From Z Magazine, November 1990, January 1991.

According to the conventional picture, the U.S. has won the Cold War. Righteousness has triumphed over evil with the victory of democracy, free market capitalism, justice and human rights. As standard bearer of the cause, the United States now leads the way to a New World Order of peace, economic development, and cooperation among those who have seen the light, virtually everyone except for some holdouts like Cuba which still complains that the Third World isn't getting its due -- or Saddam Hussein, despite our dedicated efforts to improve his behavior by the carrot rather than the stick, an error of judgment to be rectified by the sword of the righteous avenger.

We have inquired into the validity of this picture from several points of view. Another natural approach is to have a look at the traditional domains of Western power and ask how their people fare at this historic moment, as they contemplate the victory of their side in the Cold War conflict. We may ask how they are celebrating the triumph of liberal capitalism and democracy, as they evidently should be, if the standard version is to be taken seriously.

1. The Fruits of Victory: Central America

Few regions of the world have been so dominated by a great power as Central America, which emerged from its usual oblivion in the 1980s, moving to center stage as the traditional order faced an unexpected challenge with the growth of popular movements, inspired in part by the new orientation of the Church towards "a preferential option for the poor." After decades of brutal repression and the destructive impact of the U.S. aid programs of the 1960s the ground was prepared for meaningful social change. The mood in Washington darkened further with the overthrow of the Somoza dictatorship.

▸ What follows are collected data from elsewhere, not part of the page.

lemma halfspace_exit_edge:
  assumes ab: "E a b" and "u \<in> halfspace V E a b" "E u p" "p \<notin> halfspace V E a b"
  shows "p \<in> interval V E u b"
proof -
  have V: "u \<in> V" "p \<in> V" "a \<in> V" "b \<in> V" using assms edge_in_V by auto
  have "p \<in> halfspace V E b a" using Diff_halfspace[OF ab] assms V by blast
  then have "b \<in> interval V E p a" using halfspace_iff_interval edge_sym ab V by blast
  moreover have "a \<in> interval V E u b" using halfspace_iff_interval ab assms V by blast
  moreover have "gdist E p a \<le> gdist E p u + gdist E u a" "gdist E u b \<le> gdist E u p + gdist E p b"
    using gdist_triangle V by blast+
  ultimately show ?thesis
    using V gdist_edge[OF assms(3)] gdist_edge[OF edge_sym[OF assms(3)]]
      gdist_edge[OF ab] gdist_edge[OF edge_sym[OF ab]]
    by (auto simp: mem_interval)
qed

text \<open>A geodesic from \<open>u\<close> to \<open>w\<close> cannot leave a half-space containing both ends and come
  back: two medians, of \<open>p, q, b\<close> and of \<open>u, w, a\<close>, would both be the median of \<open>u, w, b\<close>,
  but lie on opposite sides of the hyperplane.\<close>
lemma halfspace_no_reentry:
  assumes ab: "E a b" and u: "u \<in> halfspace V E a b" and w: "w \<in> halfspace V E a b"
    and up: "E u p" "p \<notin> halfspace V E a b" and wq: "E w q" "q \<notin> halfspace V E a b"
    and pq: "gdist E p q + 2 \<le> gdist E u w"
  shows False
proof -
  let ?W = "halfspace V E a b"
  have V: "u \<in> V" "w \<in> V" "p \<in> V" "q \<in> V" "a \<in> V" "b \<in> V"
    using u w up wq ab edge_in_V by (auto simp: halfspace_def)
  obtain x where x: "x \<in> interval V E p q" "x \<in> interval V E q b" "x \<in> interval V E p b"
    using median_exists V by blast
  have "p \<in> interval V E u b" "q \<in> interval V E w b"
    using halfspace_exit_edge ab u w up wq by blast+
  then have xub: "x \<in> interval V E u b" and xwb: "x \<in> interval V E w b"
    using interval_trans(1)[of b u x p] interval_trans(1)[of b w x q] x V
    by (simp_all add: interval_commute)
  have "x \<in> V" using x by (simp add: mem_interval)
  have "gdist E u x \<le> gdist E u p + gdist E p x" "gdist E x w \<le> gdist E x q + gdist E q w"
    "gdist E u w \<le> gdist E u x + gdist E x w"
    using gdist_triangle V \<open>x \<in> V\<close> by blast+
  moreover have "gdist E u p = 1" "gdist E q w = 1"
    using gdist_edge[OF up(1)] gdist_edge[OF edge_sym[OF wq(1)]] by auto
  moreover have "gdist E p x + gdist E x q = gdist E p q" using x by (simp add: mem_interval)
  ultimately have "gdist E u x + gdist E x w = gdist E u w" using pq by linarith
  then have xuw: "x \<in> interval V E u w" using \<open>x \<in> V\<close> by (simp add: mem_interval)
  have "p \<in> halfspace V E b a" using Diff_halfspace[OF ab] up V by blast
  then have "b \<in> interval V E x a"
    using interval_trans(2)[of p a x b] x V halfspace_iff_interval[OF edge_sym[OF ab]] by blast
  then have "x \<notin> ?W"
    using halfspace_iff_interval[OF edge_sym[OF ab]] Diff_halfspace[OF ab] \<open>x \<in> V\<close> by blast
  obtain m where m: "m \<in> interval V E u w" "m \<in> interval V E w a" "m \<in> interval V E u a"
    using median_exists V by blast
  have "a \<in> interval V E u b" "a \<in> interval V E w b"
    using halfspace_iff_interval ab u w V by blast+
  then have mub: "m \<in> interval V E u b" and mwb: "m \<in> interval V E w b"
    and "a \<in> interval V E m b"
    using interval_trans m V by blast+
  moreover have "m \<in> V" using m by (simp add: mem_interval)
  ultimately have "m \<in> ?W" using halfspace_iff_interval ab by blast
  moreover have "x = m"
    using median_unique[of u w b x m] V xuw xwb xub m(1) mub mwb by blast
  ultimately show False using \<open>x \<notin> ?W\<close> by blast
qed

The reaction was vigorous and swift: violent repression, which decimated popular organizations. The ranks of the small guerrilla organizations swelled as state terror mounted. "The guerrilla groups, the revolutionary groups, almost without exception began as associations of teachers, associations of labor unions, campesino unions, or parish organizations..." with practical and reformist goals, ex-Ambassador Robert White testified before Congress in 1982. The same point was made by the assassinated Salvadoran Jesuit intellectual Father Ignacio Mart¡n-Baró, among many others.1

A decade later, the United States and its local allies could claim substantial success. The challenge to the traditional order was effectively contained. The misery of the vast majority had deepened while the power of the military and the privileged sectors was enhanced behind a façade of democratic forms. Some 200,000 people had been killed. Countless others were maimed, tortured, "disappeared," driven from their homes. The people, the communities, the environment were devastated, possibly beyond repair. It was truly a grand victory.

Elite reaction is one of gratification and relief. "For the first time, all five of the countries are led by presidents who were elected in contests widely considered free and fair," Washington Post Central America correspondent Lee Hockstader reports from Guatemala City, expressing the general satisfaction over the victory of "conservative politicians" in elections which, we are to understand, took place on a level playing field with no use of force and no foreign influence. It is true, he continues, that "conservative politicians in Central America traditionally represented the established order," defending the wealthy "despite their countries' grossly distorted income patterns." "But the wave of democracy that has swept the region in recent years appears to be shifting politicians' priorities," so the bad old days are gone forever.2

The student of American history and culture will recognize the familiar moves. Once again, we witness the miraculous change of course that occurs whenever some particularly brutal excesses of the state have been exposed. Hence all of history, and the reasons for its persistent character, may be dismissed as irrelevant, while we march forward, leading our flock to a new and better world.

The Post news report does not merely assert that the new conservatives are dedicated populists, unlike those whom the U.S. used to support in the days of its naiveté and inadvertent error, now thankfully behind us. It goes on to provide evidence for this central claim. The shift of priorities to a welcome populism is demonstrated by the outcome of the conference of the five presidents in Antigua, Guatemala, just completed. The presidents, all "committed to free-market economics," have abandoned worthless goals of social reform, Hockstader explains. "Neither in the plan nor in the lengthier and more general `Declaration of Antigua' was there any mention of land reform or suggestion of new government social welfare programs to help the poor." Rather, they are adopting "a trickle-down approach to aid the poor." "The idea is to help the poor without threatening the basic power structure," a regional economist observes, contemplating these imaginative new ideas on how to pursue our vocation of serving the suffering masses.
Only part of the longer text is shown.